The queer Canadian flick is a charming, bizarre treat that was surprisingly ahead of its time.

“If You Can’t Teach Yourself” is a monthly series in which a young woman explores a cultural artifact in furtherance of her queer education. Think of it as your syllabus for Queer Culture 101.

Twenty years ago, queer filmmakers north of the U.S.-Canada border gifted us Better Than Chocolate, a lesbian rom-com that is bizarrely charming and surprisingly ahead of its time.

The film made its Canadian premiere on August 13, 1999, and arrived stateside in 2001. For context, we're talking six years before marriage equality became the law of the land in Canada. The idea of achieving that feat seemed miles away from American public's consciousness, too (marriage equality was legalized nationwide in June 2015, which feels like a lifetime but was actually only four years ago). "Don't Ask, Don't Tell" was still legal in the U.S. Lesbians had Stone Butch Blues and Gender Trouble, but queer theory as we know it today was still blossoming.

Hell, even the language we used to describe ourselves and our community was different: Gays and lesbians used terms like "queer" as an act of reclamation less frequently. The word transsexual, now considered outdated by most and offensive by many trans people, was pretty commonplace. Even crazier: The word transgender entered into the Oxford English Dictionary in 2003, four years after this film premiered.

Better Than Chocolate was director Anne Wheeler and screenwriter Peggy Thompson's lesbian pièce de résistance. The film is low on Wheeler's relatively impressive résumé, but for Thompson, a queer woman and film scholar who teaches screenwriting in British Columbia, it was significant. It's also really fucking gay.

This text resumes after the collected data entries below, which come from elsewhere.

lemma stable_pair_not_matched:
  assumes M: "stable U W Q M" and mw: "m \<in> U" "w \<in> W" "(m, w) \<notin> M"
    and complete: "set (Q m) = W" "set (Q w) = U"
  shows "(\<exists>w'. (m, w') \<in> M \<and> prefers Q m w' w) \<or> (\<exists>m'. (m', w) \<in> M \<and> prefers Q w m' m)"
proof (rule ccontr)
  assume none: "\<not> ?thesis"
  have "M \<subseteq> U \<times> W" using M by (simp add: stable_def matching_def)
  then have "blocks Q M m w"
    using none mw complete precedes_total[of w "Q m"] precedes_total[of m "Q w"]
    unfolding blocks_def prefers_iff_precedes by blast
  then show False using M mw by (auto simp: stable_def)
qed

lemma mod_add_shift_neq:
  fixes b k r :: nat
  assumes "b < r" "0 < k" "k < r"
  shows "(b + k) mod r \<noteq> b"
  using assms by (cases "b + k < r") (simp_all add: le_mod_geq)

lemma mod_add_shift_back:
  fixes b k r :: nat
  assumes "b < r" "k \<le> r"
  shows "((b + k) mod r + (r - k)) mod r = b"
proof -
  have "((b + k) mod r + (r - k)) mod r = (b + k + (r - k)) mod r" by (simp add: mod_add_left_eq)
  also have "\<dots> = b" using assms by simp
  finally show ?thesis .
qed

text \<open>Summing \<open>b + k b = f b + r * ((b + k b) div r)\<close> over \<open>B\<close>, the terms \<open>b\<close> and \<open>f b\<close> cancel
  because \<open>f\<close> permutes \<open>B\<close>; so the positive total shift is a multiple of \<open>r\<close>.\<close>
lemma modulus_le_sum_cyclic_shifts:
  fixes f k :: "nat \<Rightarrow> nat"
  assumes B: "finite B" "B \<noteq> {}" and f: "f ` B \<subseteq> B" "inj_on f B"
    and shift: "\<And>b. b \<in> B \<Longrightarrow> f b = (b + k b) mod r" and pos: "\<And>b. b \<in> B \<Longrightarrow> 0 < k b"
  shows "r \<le> (\<Sum>b\<in>B. k b)"
proof -
  have "(\<Sum>b\<in>B. f b) = (\<Sum>b\<in>B. b)"
    using sum.reindex[OF f(2), of id] endo_inj_surj[OF B(1) f] by simp
  moreover have "(\<Sum>b\<in>B. b + k b) = (\<Sum>b\<in>B. f b + r * ((b + k b) div r))"
    using shift by (intro sum.cong) (simp_all add: mod_mult_div_eq)
  ultimately have multiple: "(\<Sum>b\<in>B. k b) = r * (\<Sum>b\<in>B. (b + k b) div r)"
    by (simp add: sum.distrib sum_distrib_left)
  have "0 < (\<Sum>b\<in>B. k b)" using B pos by (simp add: sum_pos)
  then show ?thesis unfolding multiple by (cases "(\<Sum>b\<in>B. (b + k b) div r)") auto
qed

I mean that in the best and worst ways possible.

Our protagonist, the bright-eyed, curly-haired Maggie (Karyn Dwyer) meets the woman of her dreams, butch heartthrob-slash-starving artist Kim (Christina Cox), at the worst possible time: Her mother Lila (Wendy Crewson) and younger brother Paul (Kevin Mundy) are on their way to crash with her in Vancouver after Lila's catastrophic divorce. Maggie, who dropped out of law school to work at a lesbian-owned sex shop called Ten Percent Books (!) and who dances with her queer friends at the Cat's Ass Club (!!), is—get this—still in the closet. Implausible, I know, but bear with me.

Better Than Chocolate (1999)

One of the 30-plus screenshots I took from this film so you don't have to. You're welcome.

The core sources of tension are Maggie's unspoken feelings for Kim, which are obvious to literally every other character except her oblivious, chocolate-addicted mother, and the internalized shame that continually sends her hooking up with Kim in bathroom stalls, out of view from her mom. She's comfortable with her sexual orientation but afraid to confide in Lila. I'd have more sympathy if Lila seemed even half as "traditional" as Maggie makes her out to be. Underneath her suburban housewife exterior is a clear semblance of wokeness. When Lila finds a stash of vibrators and dildos under Maggie's bed after lamenting her newfound singleness, she proceeds to masturbate… to some opera. This occurs after Lila's self-pitying monologue about how chocolate is the only "pleasure" she'll ever get since getting divorced in her middle age of course means she'll absolutely, 100% never have sex again. Ah-ha, a not-so-subtle reference to the movie's title! (The vibrator wasn't actually Maggie's, which awkwardly comes to light after the fact, and I don't have enough words to explain the opera plot point. I barely have enough words to relay the interesting B-plots. Hang in there.)

Better Than Chocolate

Lila's face upon discovering the rabbit vibe. Note the mouthfull of chocolate.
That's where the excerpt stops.